Like so many Colombians, Ciro is a survivor who after sixty years of fleeing the war, dreams of living in peace and dignity.

Press

“Ciro has endured all the tragedies and all the insults of a war that has destroyed an entire country. But as long as there are worthy men like him, Humanity will never be defeated.” – Luís Ospina, Colombian Filmmaker

“Miguel Salazar's film is as sober and stoic as its protagonist: Ciro. The Colombian tragedy is explained in a humble family, and hopefully this way we will understand it better, so that it doesn't happen again.” – Héctor Abad Faciolince, Colombian Novelist

“After watching the movie, I finally felt that I was listening to the history of our war from the most important place of all.” – Sandra Borda, Professor of Political Science

“The rhythm of the documentary takes us through the history and problems of a Colombian man who has lived through some of the most painful passages of the last twenty years of our country.”Colombia En Cine

“A documentary with real feeling, real testimonies, and an accurate historical account.”Colombia En Cine

“It is in particular stories like this that the Colombian tragedy is best portrayed. There are painted the pains, the injustices, but above all the indifference and insensitivity of those who could have done something to prevent so much pain...” – Héctor Abad Faciolince, Colombian Novelist

About the Director
Miguel Salazar is a historian at the University of the Andes, with a Master’s degree in Film and Television Production and Direction from the University of New York (NYU). He has worked as director and producer in four feature documentaries: Carta a un sombra (2015) winner of the Special Jury Prize at the Cartagena International Film Festival; and El caso Nule (2012) for RCN TV. He is the co-director and co-producer of the documentary feature La Toma (2011), and Robatierra (2009), which was supported by the Sundance Documentary Fund and won Best Documentary of the South at Havana Film Festival.
Notes on Film

“In December of 1996, during a trip I took to take pictures of Caño Cristales in the Serranía de La Macarena, my 14-year-old guide, John Galindo, drowned in front of me. Tragedy united me with his father, Ciro, for life.

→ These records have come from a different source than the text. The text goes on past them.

section \<open>The optimal exponent\<close>

lemma bennett_zeta_pos:
  fixes b \<nu> \<epsilon> :: real
  assumes b: "0 < b" and \<nu>: "0 < \<nu>" and \<epsilon>: "0 < \<epsilon>" "\<epsilon> < b"
  shows "0 < b / (b\<^sup>2 + \<nu>) * ln ((1 + \<epsilon> * b / \<nu>) / (1 - \<epsilon> / b))"
proof -
  have "0 < \<epsilon> * b / \<nu>" and "0 < \<epsilon> / b" and "\<epsilon> / b < 1"
    using b \<nu> \<epsilon> by simp_all
  then have "1 < (1 + \<epsilon> * b / \<nu>) / (1 - \<epsilon> / b)"
    by (subst less_divide_eq_1_pos) simp_all
  then show ?thesis
    using b \<nu> by (simp add: add_pos_pos)
qed

lemma bennett_log_mgf_at_zeta:
  fixes b \<nu> \<epsilon> :: real
  assumes b: "0 < b" and \<nu>: "0 < \<nu>" and \<epsilon>: "0 < \<epsilon>" "\<epsilon> < b"
  defines "\<zeta> \<equiv> b / (b\<^sup>2 + \<nu>) * ln ((1 + \<epsilon> * b / \<nu>) / (1 - \<epsilon> / b))"
  shows "bennett_log_mgf b \<zeta> \<nu> = - (\<nu> / b) * \<zeta> - ln (1 - \<epsilon> / b)"
proof -
  define \<alpha> where "\<alpha> = 1 + \<epsilon> * b / \<nu>"
  define \<beta> where "\<beta> = 1 - \<epsilon> / b"
  have "0 < \<epsilon> * b / \<nu>"
    using b \<nu> \<epsilon> by simp
  then have \<alpha>: "0 < \<alpha>" and \<beta>: "0 < \<beta>"
    using b \<epsilon> by (simp_all add: \<alpha>_def \<beta>_def)
  define T where "T = b\<^sup>2 + \<nu>"
  have T: "0 < T"
    using b \<nu> by (simp add: T_def add_pos_pos)
  have "b * \<zeta> + (\<nu> / b) * \<zeta> = (b\<^sup>2 + \<nu>) * \<zeta> / b"
    using b by (simp add: field_simps power2_eq_square)
  also have "\<dots> = ln (\<alpha> / \<beta>)"
    using b T unfolding \<zeta>_def \<alpha>_def[symmetric] \<beta>_def[symmetric] T_def[symmetric] by simp
  finally have "b * \<zeta> = ln (\<alpha> / \<beta>) + - (\<nu> / b) * \<zeta>"
    by simp
  then have "exp (b * \<zeta>) = exp (ln (\<alpha> / \<beta>)) * exp (- (\<nu> / b) * \<zeta>)"
    by (simp only: exp_add[symmetric])
  then have exp_b\<zeta>: "exp (b * \<zeta>) = \<alpha> / \<beta> * exp (- (\<nu> / b) * \<zeta>)"
    using \<alpha> \<beta> by simp
  have "b\<^sup>2 / T * exp (- (\<nu> / b) * \<zeta>) + \<nu> / T * exp (b * \<zeta>)
      = (b\<^sup>2 + \<nu> * (\<alpha> / \<beta>)) / T * exp (- (\<nu> / b) * \<zeta>)"
    unfolding exp_b\<zeta> by (simp add: add_divide_distrib algebra_simps)
  also have "b\<^sup>2 + \<nu> * (\<alpha> / \<beta>) = T / \<beta>"
    using b \<nu> \<epsilon> unfolding \<alpha>_def \<beta>_def T_def by (simp add: field_simps power2_eq_square)
  finally have "b\<^sup>2 / T * exp (- (\<nu> / b) * \<zeta>) + \<nu> / T * exp (b * \<zeta>) = exp (- (\<nu> / b) * \<zeta>) / \<beta>"
    using T by simp
  then have "bennett_log_mgf b \<zeta> \<nu> = ln (exp (- (\<nu> / b) * \<zeta>) / \<beta>)"
    by (simp add: bennett_log_mgf_def T_def)
  then show ?thesis
    unfolding \<beta>_def[symmetric] using \<beta> by (simp add: ln_div)
qed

My friendship with Ciro has allowed me to closely record many moments of his life and gather valuable archival material: family photos, interviews and videos that give accounts of how his son Memín was used for the war, and his subsequent burial… that material, together with archival news, allowed me to place the history of Ciro within the history of Colombia.

Violence, and in particular political terror, seeks to destroy the voice, the story of the other. One of the initial steps of the post-conflict is to reconstruct the narrative destroyed by terror. My first task is to reconstruct the narrative, tell the story, give it a beginning, a middle, and an end; and thus, make the story of pain fit into someone’s hands so they could carry it with them.

It is our responsibility to narrate the horror that was experienced in Colombia so that it doesn’t happen again.”